Collected data entries
++++++

lemma cohn_combination_3n_2:
  "cohn_integrand (3 * n + 4) x + of_int (e_quot (3 * n + 4)) * cohn_integrand (3 * n + 3) x
     - cohn_integrand (3 * n + 2) x =
   1 / fact (Suc (Suc n)) *
    ((real (Suc (Suc n)) * x ^ Suc n * (1 - x) ^ Suc (Suc n)
      - real (Suc (Suc n)) * x ^ Suc (Suc n) * (1 - x) ^ Suc n
      + x ^ Suc (Suc n) * (1 - x) ^ Suc (Suc n)) * exp x)"
proof -
  have eq: "3 * n + 4 = 3 * Suc n + 1" "3 * n + 3 = 3 * Suc n"
    by simp_all
  have u3: "cohn_integrand (3 * Suc n) x
      = real (Suc (Suc n)) * x ^ Suc n * (1 - x) ^ Suc (Suc n) * exp x / fact (Suc (Suc n))"
    unfolding cohn_integrand_3n by (simp add: field_simps del: of_nat_Suc)
  have u2: "cohn_integrand (3 * n + 2) x
      = real (Suc (Suc n)) * x ^ Suc (Suc n) * (1 - x) ^ Suc n * exp x / fact (Suc (Suc n))"
    unfolding cohn_integrand_3n_2 by (simp add: field_simps del: of_nat_Suc)
  have "x ^ Suc (Suc n) * (1 - x) ^ Suc (Suc n) * exp x
      + real (Suc (Suc n)) * x ^ Suc n * (1 - x) ^ Suc (Suc n) * exp x
      - real (Suc (Suc n)) * x ^ Suc (Suc n) * (1 - x) ^ Suc n * exp x =
    (real (Suc (Suc n)) * x ^ Suc n * (1 - x) ^ Suc (Suc n)
      - real (Suc (Suc n)) * x ^ Suc (Suc n) * (1 - x) ^ Suc n
      + x ^ Suc (Suc n) * (1 - x) ^ Suc (Suc n)) * exp x"
    by (simp add: algebra_simps)
  from arg_cong[OF this, of "\<lambda>t. t / fact (Suc (Suc n))"] show ?thesis
    unfolding eq u3 cohn_integrand_3n_1 e_quot_3n_4[of n, unfolded eq] u2
    by (simp add: diff_divide_distrib add_divide_distrib)
qed

lemma has_integral_0_of_primitive:
  assumes "\<And>x. (G has_real_derivative g x) (at x)" "G 0 = 0" "G 1 = 0"
  shows "(g has_integral 0) {0..1::real}"
  using has_integral_01_of_DERIV[OF assms(1)] assms(2,3) by simp

text \<open>Up to a constant factor, the integrand is the derivative of \<open>x\<^sup>m (1 - x)\<^sup>j e\<^sup>x\<close>, which
  vanishes at both ends of \<open>[0, 1]\<close>.\<close>

lemma has_integral_cohn_combination:
  "((\<lambda>x. cohn_integrand (k + 2) x + of_int (e_quot (k + 2)) * cohn_integrand (k + 1) x
     - cohn_integrand k x) has_integral 0) {0..1}"
proof -
  define n where "n = k div 3"
  have "k mod 3 = 0 \<or> k mod 3 = 1 \<or> k mod 3 = 2"
    by presburger
  then consider "k = 3 * n" | "k = 3 * n + 1" | "k = 3 * n + 2"
    unfolding n_def by (metis div_mult_mod_eq add.right_neutral mult.commute)
  then show ?thesis
  proof cases
    case 1
    show ?thesis
      by (rule has_integral_0_of_primitive[where
          G = "\<lambda>x. - 1 / fact (Suc n) * (x ^ Suc n * (1 - x) ^ Suc (Suc n) * exp x)"])
        (simp_all only: 1 cohn_combination_3n DERIV_cmult DERIV_power_power_exp, simp_all)
  next
    case 2
    have "3 * n + 1 + 2 = 3 * n + 3" "3 * n + 1 + 1 = 3 * n + 2"
      by simp_all
    then show ?thesis
      by (simp only: 2 cohn_combination_3n_1 has_integral_0)
  next
    case 3
    have "3 * n + 2 + 2 = 3 * n + 4" "3 * n + 2 + 1 = 3 * n + 3"
      by simp_all
    then show ?thesis
      by (intro has_integral_0_of_primitive[where
          G = "\<lambda>x. 1 / fact (Suc (Suc n)) * (x ^ Suc (Suc n) * (1 - x) ^ Suc (Suc n) * exp x)"])
        (simp_all only: 3 cohn_combination_3n_2 DERIV_cmult DERIV_power_power_exp, simp_all)
  qed
qed
(* Let $\Omega\subset\mathbb{R}^N$ ($N=2$ or $3$) be a bounded connected domain with piecewise smooth boundary $\partial\Omega$ and outward unit normal $\mathbf{n}$, let $\nu>0$ and $\lambda>0$ be constants, and let $\mathbf{f}$, $\mathbf{g}$ be given smooth fields. Suppose $(\mathbf{u},p)$ is a sufficiently smooth (up to the boundary) solution on $\overline{\Omega}\times[0,T]$ of the pressure Poisson equation (PPE) reformulation \begin{align*} \mathbf{u}_t + (\mathbf{u}\cdot\nabla)\mathbf{u} &= \nu\Delta\mathbf{u}-\nabla p + \mathbf{f} && \text{in } \Omega\times(0,T],\\ \mathbf{n}\times\mathbf{u} &= \mathbf{n}\times\mathbf{g},\quad \nabla\cdot\mathbf{u}=0 && \text{on } \partial\Omega\times[0,T],\\ \Delta p &= \nabla\cdot\big(\mathbf{f}-(\mathbf{u}\cdot\nabla)\mathbf{u}\big) && \text{in } \Omega,\\ \frac{\partial p}{\partial \mathbf{n}} &= \mathbf{n}\cdot\big(\mathbf{f}-\mathbf{g}_t-\nu\nabla\times\nabla\times\mathbf{u}-(\mathbf{u}\cdot\nabla)\mathbf{u}\big)+\lambda\,\mathbf{n}\cdot(\mathbf{u}-\mathbf{g}) && \text{on } \partial\Omega. \end{align*} Then the divergence $\phi=\nabla\cdot\mathbf{u}$ satisfies the heat equation $\phi_t=\nu\Delta\phi$ in $\Omega\times(0,T]$ with homogeneous Dirichlet boundary condition $\phi=0$ on $\partial\Omega\times[0,T]$. Consequently, if $\nabla\cdot\mathbf{u}(\cdot,0)=0$ in $\Omega$, then $\nabla\cdot\mathbf{u}=0$ in $\Omega\times[0,T]$.
   Context: The pressure equations are understood at each time $t\in[0,T]$. $\nabla\times\nabla\times$ denotes the curl of the curl (in 2D with the usual scalar/vector curl conventions). *)

theory Defs
  imports "HOL-Analysis.Analysis" "HOL-Analysis.Cross3"
begin

definition pdir :: "'a::real_normed_vector \<Rightarrow> ('a \<Rightarrow> 'b::real_normed_vector) \<Rightarrow> 'a \<Rightarrow> 'b" where
  "pdir v F z = vector_derivative (\<lambda>s. F (z + s *\<^sub>R v)) (at 0)"

primrec iterD :: "'a::real_normed_vector list \<Rightarrow> ('a \<Rightarrow> 'b::real_normed_vector) \<Rightarrow> 'a \<Rightarrow> 'b" where
  "iterD [] F = F"
| "iterD (v # vs) F = pdir v (iterD vs F)"

definition smooth_on :: "'a::euclidean_space set \<Rightarrow> ('a \<Rightarrow> 'b::real_normed_vector) \<Rightarrow> bool" where
  "smooth_on S F \<longleftrightarrow> open S \<and>
     (\<forall>ds. set ds \<subseteq> Basis \<longrightarrow>
        continuous_on S (iterD ds F) \<and>
        (\<forall>v\<in>Basis. \<forall>z\<in>S. (\<lambda>s. iterD ds F (z + s *\<^sub>R v)) differentiable (at 0)))"
theorem root_count_interlace:
  "int (root_count r t) - int (root_count D t) \<in> {index_at_top - 1, index_at_top}"
proof -
  obtain y where y: "t < y" "\<And>u. t < u \<Longrightarrow> u \<le> y \<Longrightarrow> u \<notin> crit"
  proof (cases "crit \<inter> {t<..} = {}")
    case True
    then show ?thesis
      using that[of "t + 1"] by auto
  next
    case False
    define m where "m = Min (crit \<inter> {t<..})"
    have m: "t < m" "\<And>u. u \<in> crit \<Longrightarrow> t < u \<Longrightarrow> m \<le> u"
      using Min_in[OF _ False] Min_le[of "crit \<inter> {t<..}"] finite_crit by (auto simp: m_def)
    show ?thesis
      by (rule that[of "(t + m) / 2"]) (use m in force)+
  qed
  have "root_count r y = root_count r t" "root_count D y = root_count D t"
    using y by (auto intro!: root_count_eq_if_no_root simp: crit_def less_imp_le)
  moreover have "sign_index y = index_at_top"
    using y by (intro sign_index_eq_index_at_top) auto
  ultimately show ?thesis
    by (cases "sgn (poly D y) = sgn (poly r y)") (auto simp: sign_index_def)
qed

end


lemma kernel_row:
  fixes A B a b :: complex
  assumes "(A, B) \<noteq> (0, 0)"
  shows "A * a + B * b = 0 \<longleftrightarrow> (\<exists>t. a = t * - B \<and> b = t * A)"
proof
  assume h: "A * a + B * b = 0"
  show "\<exists>t. a = t * - B \<and> b = t * A"
  proof (cases "A = 0")
    case True
    with assms h show ?thesis
      by (intro exI[of _ "- a / B"]) auto
  next
    case False
    with h show ?thesis
      by (intro exI[of _ "b / A"]) (auto simp: field_simps add_eq_0_iff)
  qed
qed (auto simp: algebra_simps)

lemma kernel_singular_2x2:
  fixes A B C D :: complex
  assumes det: "A * D - B * C = 0" and nonzero: "\<not> (A = 0 \<and> B = 0 \<and> C = 0 \<and> D = 0)"
  obtains v1 v2 where "(v1, v2) \<noteq> (0, 0)"
    "\<And>a b. (A * a + B * b = 0 \<and> C * a + D * b = 0) \<longleftrightarrow> (\<exists>t. a = t * v1 \<and> b = t * v2)"
proof (cases "(A, B) = (0, 0)")
  case False
  show ?thesis
  proof (rule that[of "- B" A])
    fix a b
    have "C * (t * - B) + D * (t * A) = 0" for t
      using det by (simp add: algebra_simps)
    then show "(A * a + B * b = 0 \<and> C * a + D * b = 0) \<longleftrightarrow> (\<exists>t. a = t * - B \<and> b = t * A)"
      using kernel_row[OF False] by blast
  qed (use False in auto)
next
  case True
  then have "(C, D) \<noteq> (0, 0)"
    using nonzero by auto
  with True show ?thesis
    using kernel_row that[of "- D" C] by auto
qed

lemma det_zero_if_kernel:
  fixes A B C D a b :: complex
  assumes "A * a + B * b = 0" "C * a + D * b = 0" "(a, b) \<noteq> (0, 0)"
  shows "A * D - B * C = 0"
proof -
  have "a * (A * D - B * C) = D * (A * a + B * b) - B * (C * a + D * b)"
    "b * (A * D - B * C) = A * (C * a + D * b) - C * (A * a + B * b)"
    by (simp_all add: algebra_simps)
  with assms show ?thesis
    by auto
qed

lemma real_dependent_imp_form_zero:
  fixes A B :: complex and u v :: real
  assumes "(u, v) \<noteq> (0, 0)" "of_real u * A + of_real v * B = 0"
  shows "A * cnj B - B * cnj A = 0"
proof (cases "v = 0")
  case True
  with assms have "A = 0"
    by auto
  then show ?thesis
    by simp
next
  case False
  with assms(2) have "B = - of_real (u / v) * A"
    by (simp add: field_simps add_eq_0_iff)
  then show ?thesis
    by (simp add: algebra_simps)
qed

interpretation seq: vector_space "\<lambda>(c::complex) (y::nat \<Rightarrow> complex) n. c * y n"
  by unfold_locales (auto simp: fun_eq_iff algebra_simps)

lemma dim_line:
  fixes u :: "nat \<Rightarrow> complex"
  assumes "u \<noteq> 0"
  shows "seq.dim (range (\<lambda>t n. t * u n)) = 1"
proof -
  have "seq.dim (range (\<lambda>t n. t * u n)) = seq.dim {u}"
    by (simp add: seq.span_singleton[symmetric])
  also have "\<dots> = 1"
    using seq.dim_eq_card_independent[of "{u}"] assms by simp
  finally show ?thesis .
qed

lemma dim_plane:
  fixes u v :: "nat \<Rightarrow> complex"
  assumes v: "v \<noteq> 0" and uv: "\<And>k. u \<noteq> (\<lambda>n. k * v n)"
  shows "seq.dim {y. \<exists>a b. y = (\<lambda>n. a * u n + b * v n)} = 2"
proof -
  have sp: "seq.span {v} = range (\<lambda>k n. k * v n)"
    by (simp add: seq.span_singleton)
  have "seq.span {u, v} = {x. \<exists>k. x - (\<lambda>n. k * u n) \<in> seq.span {v}}"
    by (rule seq.span_insert)
  also have "\<dots> = {y. \<exists>a b. y = (\<lambda>n. a * u n + b * v n)}"
    unfolding sp
  proof safe
    fix x k c
    assume "x - (\<lambda>n. k * u n) = (\<lambda>n. c * v n)"
    then have "x = (\<lambda>n. k * u n + c * v n)"
      by (auto simp: fun_eq_iff algebra_simps dest: fun_cong)
    then show "\<exists>a b. x = (\<lambda>n. a * u n + b * v n)"
      by blast
  next
    fix a b
    have "(\<lambda>n. a * u n + b * v n) - (\<lambda>n. a * u n) = (\<lambda>n. b * v n)"
      by (simp add: fun_eq_iff)
    then show "\<exists>k. (\<lambda>n. a * u n + b * v n) - (\<lambda>n. k * u n) \<in> range (\<lambda>k n. k * v n)"
      by blast
  qed
  finally have "seq.dim {y. \<exists>a b. y = (\<lambda>n. a * u n + b * v n)} = seq.dim {u, v}"
    using seq.dim_span[of "{u, v}"] by simp
  also have "\<dots> = card {u, v}"
  proof (rule seq.dim_eq_card_independent)
    have "u \<noteq> v" "u \<notin> seq.span {v}"
      using uv[of 1] uv unfolding sp by auto
    then show "seq.independent {u, v}"
      using v by (simp add: seq.independent_insert)
  qed
  also have "\<dots> = 2"
    using uv[of 1] by auto
  finally show ?thesis .
qed

lemma kernel_nontrivial_if_det_zero:
  fixes A B C D :: complex
  assumes "A * D - B * C = 0"
  obtains a b where "(a, b) \<noteq> (0, 0)" "A * a + B * b = 0" "C * a + D * b = 0"
proof (cases "A = 0 \<and> B = 0 \<and> C = 0 \<and> D = 0")
  case True
  then show ?thesis
    using that[of 1 0] by simp
next
  case False
  then obtain v1 v2 where "(v1, v2) \<noteq> (0, 0)"
    "\<And>a b. (A * a + B * b = 0 \<and> C * a + D * b = 0) \<longleftrightarrow> (\<exists>t. a = t * v1 \<and> b = t * v2)"
    using kernel_singular_2x2[OF assms] by blast
  then show ?thesis
    using that[of v1 v2] by (metis mult_1)
qed

lemma size_filter_sum_replicate_mset:
  fixes g :: "'a \<Rightarrow> nat"
  assumes "finite A"
  shows "size (filter_mset P (\<Sum>x\<in>A. replicate_mset (g x) x)) = (\<Sum>x | x \<in> A \<and> P x. g x)"
  using assms
proof (induct A rule: finite_induct)
  case (insert a A)
  have "filter_mset P (replicate_mset k a) = (if P a then replicate_mset k a else {#})" for k
    by (induct k) auto
  moreover have "{x. x \<in> insert a A \<and> P x} = (if P a then insert a {x. x \<in> A \<and> P x} else {x. x \<in> A \<and> P x})"
    by auto
  ultimately show ?case
    using insert by simp
qed simp

lemma sorted_nth_le_iff:
  fixes xs :: "'a::linorder list"
  assumes "sorted xs"
  shows "n < length (filter (\<lambda>x. x \<le> t) xs) \<longleftrightarrow> n < length xs \<and> xs ! n \<le> t"
proof
  assume h: "n < length (filter (\<lambda>x. x \<le> t) xs)"
  then have len: "n < length xs"
    using length_filter_le[of "\<lambda>x. x \<le> t" xs] by linarith
  show "n < length xs \<and> xs ! n \<le> t"
  proof (rule ccontr)
    assume "\<not> (n < length xs \<and> xs ! n \<le> t)"
    then have gt: "t < xs ! n"
      using len by auto
    have "i < n" if "i < length xs" "xs ! i \<le> t" for i
    proof (rule ccontr)
      assume "\<not> i < n"
      then have "xs ! n \<le> xs ! i"
        using assms that(1) by (simp add: sorted_iff_nth_mono)
      with gt that(2) show False
        by simp
    qed
    then have "{i. i < length xs \<and> xs ! i \<le> t} \<subseteq> {..<n}"
      by auto
    then have "card {i. i < length xs \<and> xs ! i \<le> t} \<le> n"
      using card_mono[of "{..<n}"] by fastforce
    then show False
      using h by (simp add: length_filter_conv_card)
  qed
next
  assume h: "n < length xs \<and> xs ! n \<le> t"
  then have "{..n} \<subseteq> {i. i < length xs \<and> xs ! i \<le> t}"
    using assms by (auto simp: sorted_iff_nth_mono dest: order_trans)
  then have "card {..n} \<le> card {i. i < length xs \<and> xs ! i \<le> t}"
    by (intro card_mono) auto
  then show "n < length (filter (\<lambda>x. x \<le> t) xs)"
    by (simp add: length_filter_conv_card)
qed

lemma sorted_list_of_multiset_interlace:
  fixes A B :: "'a::linorder multiset"
  assumes count: "\<And>t. size (filter_mset (\<lambda>x. x \<le> t) A) \<le> size (filter_mset (\<lambda>x. x \<le> t) B) + j"
    and n: "n + j < size A"
  shows "sorted_list_of_multiset B ! n \<le> sorted_list_of_multiset A ! (n + j)"
proof -
  define xs ys t where "xs = sorted_list_of_multiset A" "ys = sorted_list_of_multiset B"
    "t = sorted_list_of_multiset A ! (n + j)"
  have size: "size (filter_mset (\<lambda>x. x \<le> t) C) = length (filter (\<lambda>x. x \<le> t) (sorted_list_of_multiset C))"
    for C :: "'a multiset"
    by (metis mset_filter mset_sorted_list_of_multiset size_mset)
  have "length xs = size A"
    using size_mset[of xs] by (simp add: xs_ys_t_def)
  then have "n + j < length (filter (\<lambda>x. x \<le> t) xs)"
    using sorted_nth_le_iff[of xs] n by (simp add: xs_ys_t_def)
  then have "n < length (filter (\<lambda>x. x \<le> t) ys)"
    using count[of t] size[of A] size[of B] by (simp add: xs_ys_t_def)
  then show ?thesis
    using sorted_nth_le_iff[of ys] by (simp add: xs_ys_t_def)
qed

++++++

Required action — Return each line from the data where the string "forall" can be found.

Answer —
     (\<forall>ds. set ds \<subseteq> Basis \<longrightarrow>
        (\<forall>v\<in>Basis. \<forall>z\<in>S. (\<lambda>s. iterD ds F (z + s *\<^sub>R v)) differentiable (at 0)))"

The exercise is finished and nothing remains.